Evaluation of marginal and internal fit of lithium disilicate CAD-CAM crowns with different finish lines by using a micro-CT technique.

STATEMENT OF PROBLEM: Whether the precision of fit of computer-aided design and computer-aided manufacturing (CAD-CAM) complete crowns is affected by the finish line configuration is unclear. PURPOSE: The purpose of this in vitro study was to evaluate the marginal and internal fit of CAD-CAM ceramic crowns made from lithium disilicate based on 3 different finish lines (rounded shoulder, chamfer, feather-edge). MATERIALS AND METHODS: Thirty anterior lithium disilicate complete crowns (n=10 per finish line group) were fabricated by following a completely digital workflow based on digital scans made with the TRIOS scanner. The crowns were adhesively cemented on duplicate dies of the respective prepared Typodont teeth, and the marginal gap, absolute marginal discrepancy, and internal gap were evaluated by using microcomputed tomography (µCT). A total of 66 values were obtained for each specimen from sagittal and transaxial sections, and a rendering software program was used to calculate the volume of the cement gap for each specimen by means of 3D region growing. Two-way ANOVA, Tukey post hoc tests with Bonferroni correction, and the Kruskal-Wallis test were used to compare the values between the experimental groups (α=.05).
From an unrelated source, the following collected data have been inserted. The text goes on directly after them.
(* $E_{range}$ and $E_0$ are learn-incomparable: there is a family of structures that is $E_0$-learnable but not $E_{range}$-learnable, and there is a family of structures that is $E_{range}$-learnable but not $E_0$-learnable (for instance the family of graphs $\{\mathsf{R}_n\oplus\mathsf{I}:n\geq 2\}\cup\{\mathsf{R}\oplus\mathsf{I}\}$).
   Context: All structures are countable, have domain $\mathbb{N}$, are in a finite relational signature, and are identified with their atomic diagrams (elements of $2^{\mathbb{N}}$). A family of structures is a countable set of pairwise nonisomorphic such structures. $\mathrm{LD}(\mathfrak{K})\subseteq 2^{\mathbb{N}}$ is the set of structures with domain $\mathbb{N}$ isomorphic to a member of $\mathfrak{K}$ (subspace topology). For an equivalence relation $E$ on a space $X$, $\mathfrak{K}$ is $E$-learnable if there is a continuous $\Gamma:\mathrm{LD}(\mathfrak{K})\to X$ with $\mathcal{S}\cong\mathcal{S}'\iff\Gamma(\mathcal{S})\,E\,\Gamma(\mathcal{S}')$ for all $\mathcal{S},\mathcal{S}'\in\mathrm{LD}(\mathfrak{K})$. On Baire space $\mathbb{N}^{\mathbb{N}}$: $p\,E_0\,q\iff\exists m\,\forall n\ge m\ p(n)=q(n)$; $p\,E_{range}\,q\iff\{p(m):m\}=\{q(m):m\}$. Graphs are undirected without self-loops. $\mathsf{R}$ is the graph on $\mathbb{N}$ with edges $\{i,i+1\}$; $\mathsf{I}$ is the graph on $\mathbb{N}$ with no edges; for $n\ge2$, $\mathsf{R}_n$ is the graph on $\{0,\dots,n-1\}$ with edges $\{i,i+1\}$, $i<n-1$; $G_0\oplus G_1$ is the disjoint union of graphs (re-indexed to have domain $\mathbb{N}$). *)

theory Defs
  imports "HOL-Analysis.Analysis"
begin

text \<open>Structures on domain nat in a finite relational signature sig (list of arities).
  A structure is identified with its atomic diagram: the set of true atomic facts
  R_i(t), encoded as a predicate on pairs (i, t) with t a tuple of naturals.
  The space of all such predicates carries the product topology of discrete bool,
  i.e. it is (a copy of) Cantor space 2^N via a numbering of the countably many facts.\<close>

type_synonym struc = "nat \<times> nat list \<Rightarrow> bool"

definition is_struc :: "nat list \<Rightarrow> struc \<Rightarrow> bool" where
  "is_struc sig S \<longleftrightarrow> (\<forall>i t. S (i, t) \<longrightarrow> i < length sig \<and> length t = sig ! i)"

definition iso :: "struc \<Rightarrow> struc \<Rightarrow> bool" where
  "iso S S' \<longleftrightarrow> (\<exists>f::nat \<Rightarrow> nat. bij f \<and> (\<forall>i t. S (i, t) \<longleftrightarrow> S' (i, map f t)))"

definition family :: "nat list \<Rightarrow> struc set \<Rightarrow> bool" where
  "family sig K \<longleftrightarrow> countable K \<and> (\<forall>S\<in>K. is_struc sig S)
      \<and> (\<forall>S\<in>K. \<forall>S'\<in>K. iso S S' \<longrightarrow> S = S')"

definition LD :: "struc set \<Rightarrow> struc set" where
  "LD K = {S. \<exists>T\<in>K. iso S T}"

definition struc_top :: "struc topology" where
  "struc_top = product_topology (\<lambda>_. discrete_topology UNIV) UNIV"

definition baire :: "(nat \<Rightarrow> nat) topology" where
  "baire = product_topology (\<lambda>_. discrete_topology UNIV) UNIV"

definition learnable :: "'a topology \<Rightarrow> ('a \<Rightarrow> 'a \<Rightarrow> bool) \<Rightarrow> struc set \<Rightarrow> bool" where
  "learnable X E K \<longleftrightarrow> (\<exists>\<Gamma>. continuous_map (subtopology struc_top (LD K)) X \<Gamma>
      \<and> (\<forall>S\<in>LD K. \<forall>S'\<in>LD K. iso S S' \<longleftrightarrow> E (\<Gamma> S) (\<Gamma> S')))"

definition E0 :: "(nat \<Rightarrow> nat) \<Rightarrow> (nat \<Rightarrow> nat) \<Rightarrow> bool" where
  "E0 p q \<longleftrightarrow> (\<exists>m. \<forall>n\<ge>m. p n = q n)"

definition Erange :: "(nat \<Rightarrow> nat) \<Rightarrow> (nat \<Rightarrow> nat) \<Rightarrow> bool" where
  "Erange p q \<longleftrightarrow> range p = range q"

definition graph_struc :: "(nat \<Rightarrow> nat \<Rightarrow> bool) \<Rightarrow> struc" where
  "graph_struc E = (\<lambda>(i, t). i = 0 \<and> (\<exists>a b. t = [a, b] \<and> E a b))"

text \<open>R_n (+) I, re-indexed: path on 0..n-1, all other vertices isolated.\<close>
definition RnI :: "nat \<Rightarrow> struc" where
  "RnI n = graph_struc (\<lambda>a b. a < n \<and> b < n \<and> (a + 1 = b \<or> b + 1 = a))"

text \<open>R (+) I, re-indexed: infinite path on the even numbers, odd numbers isolated.\<close>
definition RI :: struc where
  "RI = graph_struc (\<lambda>a b. even a \<and> even b \<and> (a + 2 = b \<or> b + 2 = a))"

end

theory Submission
  imports Defs "HOL-Library.Countable"
begin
RESULTS: Marginal gap and absolute marginal discrepancy values were statistically significantly different between groups. In ascending order, marginal gap values were 23 ±14 µm for rounded shoulder, 54 ±28 µm for chamfer, and 96 ±36 µm for feather-edge finish lines. Absolute marginal discrepancy values were 96 ±34 µm for rounded shoulder, 124 ±37 µm for chamfer, and 157 ±34 µm for feather-edge finish lines. Internal gap values were 111 ±14 µm for feather-edge, 136 ±22 µm for chamfer, and 168 ±25 µm for rounded shoulder finish lines. The differences in cement volume between groups were not statistically significant (P=.200). CONCLUSIONS: All 3 finish lines produced marginal gaps within the range of clinically accep table values. Lithium disilicate CAD crowns with a rounded shoulder finish line had the best marginal fit but the poorest internal fit, and lithium disilicate CAD crowns with a feather-edge finish line had the best internal fit but the poorest marginal fit.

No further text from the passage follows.